What are some top unexplained Biblical events whose explanation, if given, would make you a believer, and in what, then, would you believe? I am looking for a challenging list and also a vague idea of any impact an explanation of some of the challenges on the list may have.
Why would 'explaining' a biblical story make someone a believer? It's the idea that biblical events and stories are inexplicable that calls for faith, isn't it?
If, for example, you 'explain' feeding the multitude by saying Jesus made the most of the loaves and fishes by creating canapes and other party snacks, how would that create 'belief'?
I think you'd best stick with the believers, tsaeb. It would take more than an explanation, however novel, for me to give up my freedom from myth and superstition. Once bit - twice shy!
There are several ways to explain the loaves and fishes, I guess.

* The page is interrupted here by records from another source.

(* Let $(b_n)_{n\ge1}$ be a sequence of nonnegative real numbers and $f:\mathbb Z_{>0}\to\mathbb R_{\ge0}$ an increasing function with $\sum_{\alpha\ge1} f(2^\alpha)/2^\alpha<+\infty$. Suppose there is an integer $n_0>0$ such that $b_{n+m}\le b_n+b_m+f(n)+f(m)$ for all integers $m,n\ge n_0$. Then $(b_n/n)_{n\ge1}$ converges to a limit in $\mathbb R_{\ge0}$. *)

theory Defs
  imports "HOL-Analysis.Analysis"
begin

end

theory Submission
  imports Defs "HOL-Analysis.Analysis"
begin

(* Idea: absorb the error into a correction term.  With the weight w(j) = f(j)/j^2
   and P(n) = 8 * (sum of w(j) for j <= n), the sequence B(n) = b(n) - n P(n) is
   genuinely subadditive on balanced pairs (n0 <= m <= n <= 2m), because the
   increment of P over (n, n+m] pays for f(n) + f(m).  The dyadic condition on f
   makes w summable, so P is bounded and its tail T(n) tends to 0. *)

section \<open>The weight f(j)/j^2 and the correction term\<close>

locale nonneg_increasing =
  fixes f :: "nat \<Rightarrow> real"
  assumes f_nonneg: "\<And>n. n \<ge> 1 \<Longrightarrow> f n \<ge> 0"
    and f_mono: "\<And>m n. 1 \<le> m \<Longrightarrow> m \<le> n \<Longrightarrow> f m \<le> f n"
begin

definition weight :: "nat \<Rightarrow> real" where
  "weight j = f j / (real j)^2"

lemma weight_nonneg: "weight j \<ge> 0"
  using f_nonneg[of j] by (cases "j = 0") (auto simp: weight_def)

text \<open>On a dyadic block the weights are at most f(2^(K+1)) / (2^K)^2 each,
  so the block contributes at most twice the K-th term of the condensed series.\<close>

lemma dyadic_block_weight:
  "(\<Sum>j\<in>{2^K..<2^Suc K}. weight j) \<le> 2 * (f (2^(K+1)) / 2^(K+1))"
proof -
  have "(\<Sum>j\<in>{2^K..<2^Suc K}. weight j) \<le> (\<Sum>j\<in>{(2::nat)^K..<2^Suc K}. f (2^(K+1)) / (2^K)^2)"
  proof (rule sum_mono)
    fix j assume j: "j \<in> {2^K..<(2::nat)^Suc K}"
    have j1: "1 \<le> j" using j by (metis atLeastLessThan_iff le_trans one_le_power one_le_numeral)
    have "f j \<le> f (2^(K+1))" using j j1 by (intro f_mono) auto
    moreover have "(2::real)^K \<le> real j" using j
      by (metis atLeastLessThan_iff of_nat_le_iff of_nat_numeral of_nat_power)
    hence "((2::real)^K)^2 \<le> (real j)^2" by (intro power_mono) auto
    ultimately show "weight j \<le> f (2^(K+1)) / (2^K)^2"
      unfolding weight_def using f_nonneg[of j] j1 by (intro frac_le) auto
  qed
  also have "\<dots> = 2 * (f (2^(K+1)) / 2^(K+1))"
    by (simp add: power2_eq_square field_simps)
  finally show ?thesis .
qed

text \<open>A Cauchy-condensation style comparison: the dyadic condition on f makes the
  weights summable (condensation itself does not apply, the weights need not decrease).\<close>

lemma summable_weight:
  assumes condensed: "summable (\<lambda>\<alpha>::nat. f (2 ^ (\<alpha> + 1)) / 2 ^ (\<alpha> + 1))"
  shows "summable weight"
proof -
  define g where "g \<alpha> = f (2 ^ (\<alpha> + 1)) / 2 ^ (\<alpha> + 1)" for \<alpha> :: nat
  have g_nonneg: "g \<alpha> \<ge> 0" for \<alpha>
    using f_nonneg[of "2^(\<alpha>+1)"] by (auto simp: g_def)
  have dyadic_partial: "(\<Sum>j<2^K. weight j) \<le> 2 * (\<Sum>\<alpha><K. g \<alpha>)" for K
  proof (induction K)
    case 0
    then show ?case by (simp add: weight_def)
  next
    case (Suc K)
    have "(\<Sum>j<2^Suc K. weight j) = (\<Sum>j<2^K. weight j) + (\<Sum>j\<in>{2^K..<2^Suc K}. weight j)"
      by (simp add: lessThan_atLeast0 sum.atLeastLessThan_concat)
    then show ?case using Suc dyadic_block_weight[of K] by (simp add: g_def)
  qed
  show ?thesis
  proof (rule summableI_nonneg_bounded[where x = "2 * suminf g"])
    fix n
    have "(\<Sum>j<n. weight j) \<le> (\<Sum>j<2^n. weight j)"
      by (rule sum_mono2) (auto simp: weight_nonneg less_exp order.strict_trans)
    also have "\<dots> \<le> 2 * (\<Sum>\<alpha><n. g \<alpha>)" by (rule dyadic_partial)
    also have "\<dots> \<le> 2 * suminf g"
      using sum_le_suminf[of g "{..<n}"] condensed g_nonneg unfolding g_def by auto
    finally show "(\<Sum>j<n. weight j) \<le> 2 * suminf g" .
  qed (rule weight_nonneg)
qed

definition correction :: "nat \<Rightarrow> real" where
  "correction n = 8 * (\<Sum>j\<le>n. weight j)"

lemma correction_mono: "m \<le> n \<Longrightarrow> correction m \<le> correction n"
  unfolding correction_def using weight_nonneg by (auto intro!: sum_mono2)

text \<open>Each of the m new weights in (n, n+m] is at least f(n)/(n+m)^2.\<close>

lemma correction_increment:
  assumes "1 \<le> m" "m \<le> n"
  shows "8 * real m * f n / (real (n+m))^2 \<le> correction (n+m) - correction n"
proof -
  have "(\<Sum>j\<le>n+m. weight j) = (\<Sum>j\<le>n. weight j) + (\<Sum>j\<in>{n<..n+m}. weight j)"
    by (metis finite_atMost finite_greaterThanAtMost ivl_disj_int_one(3)
        ivl_disj_un_one(3) le_add1 sum.union_disjoint)
  hence "correction (n+m) - correction n = 8 * (\<Sum>j\<in>{n<..n+m}. weight j)"
    unfolding correction_def by simp
  moreover have "(\<Sum>j\<in>{n<..n+m}. f n / (real (n+m))^2) \<le> (\<Sum>j\<in>{n<..n+m}. weight j)"
  proof (rule sum_mono)
    fix j assume j: "j \<in> {n<..n+m}"
    have "f n \<le> f j" using j assms by (intro f_mono) auto
    moreover have "(real j)^2 \<le> (real (n+m))^2" using j by (intro power_mono) auto
    moreover have "0 < (real j)^2" using j by auto
    ultimately show "f n / (real (n+m))^2 \<le> weight j"
      unfolding weight_def using f_nonneg[of n] assms by (intro frac_le) auto
  qed
  ultimately show ?thesis by simp
qed

lemma correction_absorbs_error:
  assumes "1 \<le> m" "m \<le> n" "n \<le> 2*m"
  shows "real n * correction n + real m * correction m + f n + f m
           \<le> real (n+m) * correction (n+m)"
proof -
  have fm: "f m \<le> f n" "0 \<le> f n" using assms f_mono f_nonneg[of n] by auto
  have pos: "(0::real) < real (n+m)" using assms by simp
  have "2 * f n \<le> 8 * real m * f n / real (n+m)"
    using mult_right_mono[of "2 * real (n+m)" "8 * real m" "f n"] assms fm pos
    by (simp add: pos_le_divide_eq algebra_simps)
  also have "\<dots> = real (n+m) * (8 * real m * f n / (real (n+m))^2)"
    using pos by (simp add: power2_eq_square)
  also have "\<dots> \<le> real (n+m) * (correction (n+m) - correction n)"
    using correction_increment[OF assms(1,2)] pos by (intro mult_left_mono) auto
  finally have "2 * f n \<le> real (n+m) * (correction (n+m) - correction n)" .
  moreover have "real m * correction m \<le> real m * correction n"
    using correction_mono[OF assms(2)] by (intro mult_left_mono) auto
  ultimately show ?thesis using fm by (simp add: algebra_simps)
qed

lemma error_le_increment:
  assumes "1 \<le> n"
  shows "2 * f n / real n \<le> correction (n+n) - correction n"
proof -
  have "8 * real n * f n / (real (n+n))^2 = 2 * f n / real n"
    using assms by (simp add: power2_eq_square field_simps)
  thus ?thesis using correction_increment[of n n] assms by simp
qed

end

One would be to say it was a miracle. That would be the believer's explanation, wouldn't it?
Another would be to say that it wasn't a miracle but that the story is a poetic way of saying Jesus prompted people to share food they'd been keeping to themselves - the lesson being relevant today in that there's enough food for everyone on the planet and we should share. This 'naturalistic' explanation is the kind of thing that's splitting the Anglican church, however - taking the spooky religion out of scripture and replacing it with broadly left-wing, rational ideas.
A cynic wouldn't explain but might ask why, able to feed that multitude, God sits on his hands during famines. He must be evil.

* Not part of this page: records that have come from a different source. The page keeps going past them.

lemma maximal_acyclic_subset_reaching_all:
  assumes "digraph V A" "strongly_connected V A" "u \<in> V"
  shows "\<exists>H\<subseteq>A. acyclic H \<and> (\<forall>v\<in>V. (u, v) \<in> H\<^sup>*) \<and> (\<forall>(x, y)\<in>A - H. (y, x) \<in> H\<^sup>*)"
proof -
  have finite_V: "finite V" and arcs: "A \<subseteq> V \<times> V" and "finite A"
    using assms(1) finite_subset[of A "V \<times> V"] by (auto simp: digraph_def)
  obtain H\<^sub>0 where H\<^sub>0: "H\<^sub>0 \<subseteq> A" "acyclic H\<^sub>0" and spans: "\<forall>v\<in>V. (u, v) \<in> H\<^sub>0\<^sup>*"
    using acyclic_subset_reaching_all[OF finite_V arcs assms(3)] assms(2,3)
    by (auto simp: strongly_connected_def)
  obtain H where "H\<^sub>0 \<subseteq> H" and H: "H \<subseteq> A" "acyclic H"
    and closes: "\<forall>(x, y)\<in>A - H. (y, x) \<in> H\<^sup>*"
    using maximal_acyclic_extension[OF \<open>finite A\<close> H\<^sub>0] by blast
  moreover have "\<forall>v\<in>V. (u, v) \<in> H\<^sup>*" using spans rtrancl_mono[OF \<open>H\<^sub>0 \<subseteq> H\<close>] by blast
  ultimately show ?thesis by blast
qed

lemma finite_dpaths:
  assumes "finite V" shows "finite {p. dpath V A p}"
proof -
  have "{p. dpath V A p} \<subseteq> {xs. set xs \<subseteq> V \<and> length xs \<le> card V}"
    using assms by (auto simp: dpath_def dest!: distinct_card[symmetric] intro: card_mono)
  then show ?thesis using finite_lists_length_le[OF assms] finite_subset by blast
qed

lemma longest_path_from_ge:
  assumes "finite V" "dpath V A p" "hd p = u"
  shows "length p - 1 \<le> longest_path_from V A u"
proof -
  have "{length p - 1 |p. dpath V A p \<and> hd p = u} \<subseteq> (\<lambda>p. length p - 1) ` {p. dpath V A p}"
    by auto
  then have "finite {length p - 1 |p. dpath V A p \<and> hd p = u}"
    using finite_dpaths[OF assms(1)] finite_subset by blast
  then show ?thesis unfolding longest_path_from_def using assms(2,3) by (intro Max_ge) auto
qed

lemma girth_le: "dcycle V A c \<Longrightarrow> girth V A \<le> length c"
  unfolding girth_def by (intro Least_le) auto

lemma girth_ge_2:
  assumes "dcycle V A c" shows "girth V A \<ge> 2"
proof -
  have "\<exists>c. dcycle V A c \<and> length c = girth V A"
    unfolding girth_def by (rule LeastI[of _ "length c"]) (use assms in blast)
  then show ?thesis by (auto simp: dcycle_def)
qed

subsection \<open>Heights along an acyclic set of arcs\<close>

definition height :: "('a \<times> 'a) set \<Rightarrow> 'a \<Rightarrow> 'a \<Rightarrow> nat" where
  "height H u v = Max ((\<lambda>p. length p - 1) ` walks H u v)"

context
  fixes V :: "'a set" and A H :: "('a \<times> 'a) set" and u :: 'a
  assumes finite_V: "finite V" and arcs: "A \<subseteq> V \<times> V" and sub: "H \<subseteq> A"
    and acyc: "acyclic H" and root: "u \<in> V"
begin

lemma finite_walks: "finite (walks H u v)"
  using dpath_if_walk[OF arcs sub acyc root] finite_subset[OF _ finite_dpaths[OF finite_V]]
  by (metis mem_Collect_eq subsetI)

lemma height_ge: "p \<in> walks H u v \<Longrightarrow> length p - 1 \<le> height H u v"
  unfolding height_def using finite_walks by (intro Max_ge) auto

lemma height_attained:
  assumes "(u, v) \<in> H\<^sup>*" obtains p where "p \<in> walks H u v" "length p - 1 = height H u v"
proof -
  have "height H u v \<in> (\<lambda>p. length p - 1) ` walks H u v"
    unfolding height_def using finite_walks walks_nonempty_if_rtrancl[OF assms] by (intro Max_in) auto
  with that show ?thesis by auto
qed

lemma height_le_longest_path_from:
  assumes "(u, v) \<in> H\<^sup>*" shows "height H u v \<le> longest_path_from V A u"
proof -
  obtain p where p: "p \<in> walks H u v" "length p - 1 = height H u v"
    using height_attained[OF assms] .
  have "hd p = u" using p(1) by (simp add: walks_def)
  then show ?thesis
    using longest_path_from_ge[OF finite_V dpath_if_walk[OF arcs sub acyc root p(1)]] p(2) by simp
qed

lemma height_add_girth_le:
  assumes "(x, y) \<in> A" "x \<noteq> y" "(u, y) \<in> H\<^sup>*" "(y, x) \<in> H\<^sup>*"
  shows "height H u y + (girth V A - 1) \<le> height H u x"
proof -
  obtain p where p: "p \<in> walks H u y" "length p - 1 = height H u y"
    using height_attained[OF assms(3)] .
  obtain q where q: "q \<in> walks H y x" using walks_nonempty_if_rtrancl[OF assms(4)] by blast
  have "girth V A \<le> length q" using girth_le dcycle_if_walk[OF arcs sub acyc assms(1,2) q] .
  moreover have "length (p @ tl q) - 1 \<le> height H u x" using height_ge walks_append[OF p(1) q] .
  moreover have "length p > 0" "length q > 0" using p(1) q by (auto simp: walks_def)
  moreover have "length (p @ tl q) = length p + length q - 1" using q by (cases q) (auto simp: walks_def)
  ultimately show ?thesis using p(2) by linarith
qed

One atheist explanation would be that various stories of amazing deeds and events came to be associated with the figure of Jesus (which may or may not have some historical basis), much like the tales of Robin Hood.
I can't think of an explanation that would prompt belief in someone who doesn't believe already, though.
What are some top unexplained Biblical events whose explanation, if given, would make you a believer, and in what, then, would you believe?
Nothing. But don't make the same mistake as the preacher at the Anglican church I used to attend. On explaining the virgin birth, " We have to accept that it happened, and that there are things beyond our understanding."
" We have to accept that it happened, and that there are things beyond our understanding."
I truly am amazed this old chestnut still floats. It's a roundabout way of saying "Put your brain in cold storage, you won't be needing it." Or, as Sun Myung Moon told his devotees, "Don't think, I will think for you."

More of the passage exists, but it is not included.